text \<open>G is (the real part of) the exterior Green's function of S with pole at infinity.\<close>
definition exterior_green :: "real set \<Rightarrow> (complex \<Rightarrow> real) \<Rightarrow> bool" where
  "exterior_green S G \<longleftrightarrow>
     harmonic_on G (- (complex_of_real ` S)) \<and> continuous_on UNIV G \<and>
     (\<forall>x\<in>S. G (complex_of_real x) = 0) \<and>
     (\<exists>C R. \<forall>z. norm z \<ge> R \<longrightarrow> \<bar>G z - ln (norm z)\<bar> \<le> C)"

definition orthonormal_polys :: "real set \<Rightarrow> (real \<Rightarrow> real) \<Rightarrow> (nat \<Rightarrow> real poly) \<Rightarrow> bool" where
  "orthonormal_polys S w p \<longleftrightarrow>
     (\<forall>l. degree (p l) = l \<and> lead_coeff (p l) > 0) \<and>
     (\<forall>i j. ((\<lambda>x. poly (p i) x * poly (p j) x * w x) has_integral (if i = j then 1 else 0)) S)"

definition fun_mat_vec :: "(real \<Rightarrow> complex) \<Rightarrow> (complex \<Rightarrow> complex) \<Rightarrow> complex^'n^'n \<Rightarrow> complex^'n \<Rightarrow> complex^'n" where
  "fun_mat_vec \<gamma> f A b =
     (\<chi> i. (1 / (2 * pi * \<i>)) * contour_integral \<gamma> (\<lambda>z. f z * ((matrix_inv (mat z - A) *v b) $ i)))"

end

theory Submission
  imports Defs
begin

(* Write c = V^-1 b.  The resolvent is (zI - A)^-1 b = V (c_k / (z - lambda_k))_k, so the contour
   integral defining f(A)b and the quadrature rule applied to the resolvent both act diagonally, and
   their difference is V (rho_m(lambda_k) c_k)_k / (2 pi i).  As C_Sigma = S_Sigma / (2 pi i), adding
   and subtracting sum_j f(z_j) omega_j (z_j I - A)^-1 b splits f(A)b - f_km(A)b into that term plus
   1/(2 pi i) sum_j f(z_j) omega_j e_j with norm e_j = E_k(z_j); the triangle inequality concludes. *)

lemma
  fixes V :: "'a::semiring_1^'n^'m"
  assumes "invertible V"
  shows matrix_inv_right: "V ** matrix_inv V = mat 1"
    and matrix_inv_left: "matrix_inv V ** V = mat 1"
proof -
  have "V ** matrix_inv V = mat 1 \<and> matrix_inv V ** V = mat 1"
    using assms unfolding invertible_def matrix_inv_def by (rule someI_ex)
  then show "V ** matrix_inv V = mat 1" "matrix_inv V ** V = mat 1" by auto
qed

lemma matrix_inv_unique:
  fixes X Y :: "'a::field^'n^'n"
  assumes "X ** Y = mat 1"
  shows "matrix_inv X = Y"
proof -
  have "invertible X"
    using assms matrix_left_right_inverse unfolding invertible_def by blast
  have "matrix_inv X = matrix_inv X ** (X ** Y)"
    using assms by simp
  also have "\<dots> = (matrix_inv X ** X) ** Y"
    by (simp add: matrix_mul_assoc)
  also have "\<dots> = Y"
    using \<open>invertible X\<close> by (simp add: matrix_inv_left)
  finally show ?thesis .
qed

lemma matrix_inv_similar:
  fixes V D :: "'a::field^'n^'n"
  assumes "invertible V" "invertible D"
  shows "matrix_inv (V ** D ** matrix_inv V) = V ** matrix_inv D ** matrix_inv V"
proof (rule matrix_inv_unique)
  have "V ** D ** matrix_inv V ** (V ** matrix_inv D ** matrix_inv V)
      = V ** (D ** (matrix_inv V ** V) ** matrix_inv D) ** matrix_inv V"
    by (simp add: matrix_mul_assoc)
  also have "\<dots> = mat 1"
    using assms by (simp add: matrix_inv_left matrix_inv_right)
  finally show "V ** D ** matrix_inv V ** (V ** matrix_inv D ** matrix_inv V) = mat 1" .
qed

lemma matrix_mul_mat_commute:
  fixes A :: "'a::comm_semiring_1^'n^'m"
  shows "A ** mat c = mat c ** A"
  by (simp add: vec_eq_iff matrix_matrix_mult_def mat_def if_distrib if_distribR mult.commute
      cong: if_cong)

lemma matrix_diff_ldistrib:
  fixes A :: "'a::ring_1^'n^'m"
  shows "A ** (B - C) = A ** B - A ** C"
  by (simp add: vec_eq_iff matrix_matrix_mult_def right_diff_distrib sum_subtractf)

§ **WORK TO COMPLETE**
Copy out the records above without altering anything.

§ **SOLUTION BELOW**
text \<open>G is (the real part of) the exterior Green's function of S with pole at infinity.\<close>
definition exterior_green :: "real set \<Rightarrow> (complex \<Rightarrow> real) \<Rightarrow> bool" where
  "exterior_green S G \<longleftrightarrow>
     harmonic_on G (- (complex_of_real ` S)) \<and> continuous_on UNIV G \<and>
     (\<forall>x\<in>S. G (complex_of_real x) = 0) \<and>
     (\<exists>C R. \<forall>z. norm z \<ge> R \<longrightarrow> \<bar>G z - ln (norm z)\<bar> \<le> C)"

definition orthonormal_polys :: "real set \<Rightarrow> (real \<Rightarrow> real) \<Rightarrow> (nat \<Rightarrow> real poly) \<Rightarrow> bool" where
  "orthonormal_polys S w p \<longleftrightarrow>
     (\<forall>l. degree (p l) = l \<and> lead_coeff (p l) > 0) \<and>
     (\<forall>i j. ((\<lambda>x. poly (p i) x * poly (p j) x * w x) has_integral (if i = j then 1 else 0)) S)"

definition fun_mat_vec :: "(real \<Rightarrow> complex) \<Rightarrow> (complex \<Rightarrow> complex) \<Rightarrow> complex^'n^'n \<Rightarrow> complex^'n \<Rightarrow> complex^'n" where
  "fun_mat_vec \<gamma> f A b =
     (\<chi> i. (1 / (2 * pi * \<i>)) * contour_integral \<gamma> (\<lambda>z. f z * ((matrix_inv (mat z - A) *v b) $ i)))"

end

theory Submission
  imports Defs
begin

(* Write c = V^-1 b.  The resolvent is (zI - A)^-1 b = V (c_k / (z - lambda_k))_k, so the contour
   integral defining f(A)b and the quadrature rule applied to the resolvent both act diagonally, and
   their difference is V (rho_m(lambda_k) c_k)_k / (2 pi i).  As C_Sigma = S_Sigma / (2 pi i), adding
   and subtracting sum_j f(z_j) omega_j (z_j I - A)^-1 b splits f(A)b - f_km(A)b into that term plus
   1/(2 pi i) sum_j f(z_j) omega_j e_j with norm e_j = E_k(z_j); the triangle inequality concludes. *)

lemma
  fixes V :: "'a::semiring_1^'n^'m"
  assumes "invertible V"
  shows matrix_inv_right: "V ** matrix_inv V = mat 1"
    and matrix_inv_left: "matrix_inv V ** V = mat 1"
proof -
  have "V ** matrix_inv V = mat 1 \<and> matrix_inv V ** V = mat 1"
    using assms unfolding invertible_def matrix_inv_def by (rule someI_ex)
  then show "V ** matrix_inv V = mat 1" "matrix_inv V ** V = mat 1" by auto
qed

lemma matrix_inv_unique:
  fixes X Y :: "'a::field^'n^'n"
  assumes "X ** Y = mat 1"
  shows "matrix_inv X = Y"
proof -
  have "invertible X"
    using assms matrix_left_right_inverse unfolding invertible_def by blast
  have "matrix_inv X = matrix_inv X ** (X ** Y)"
    using assms by simp
  also have "\<dots> = (matrix_inv X ** X) ** Y"
    by (simp add: matrix_mul_assoc)
  also have "\<dots> = Y"
    using \<open>invertible X\<close> by (simp add: matrix_inv_left)
  finally show ?thesis .
qed

lemma matrix_inv_similar:
  fixes V D :: "'a::field^'n^'n"
  assumes "invertible V" "invertible D"
  shows "matrix_inv (V ** D ** matrix_inv V) = V ** matrix_inv D ** matrix_inv V"
proof (rule matrix_inv_unique)
  have "V ** D ** matrix_inv V ** (V ** matrix_inv D ** matrix_inv V)
      = V ** (D ** (matrix_inv V ** V) ** matrix_inv D) ** matrix_inv V"
    by (simp add: matrix_mul_assoc)
  also have "\<dots> = mat 1"
    using assms by (simp add: matrix_inv_left matrix_inv_right)
  finally show "V ** D ** matrix_inv V ** (V ** matrix_inv D ** matrix_inv V) = mat 1" .
qed

lemma matrix_mul_mat_commute:
  fixes A :: "'a::comm_semiring_1^'n^'m"
  shows "A ** mat c = mat c ** A"
  by (simp add: vec_eq_iff matrix_matrix_mult_def mat_def if_distrib if_distribR mult.commute
      cong: if_cong)

lemma matrix_diff_ldistrib:
  fixes A :: "'a::ring_1^'n^'m"
  shows "A ** (B - C) = A ** B - A ** C"
  by (simp add: vec_eq_iff matrix_matrix_mult_def right_diff_distrib sum_subtractf)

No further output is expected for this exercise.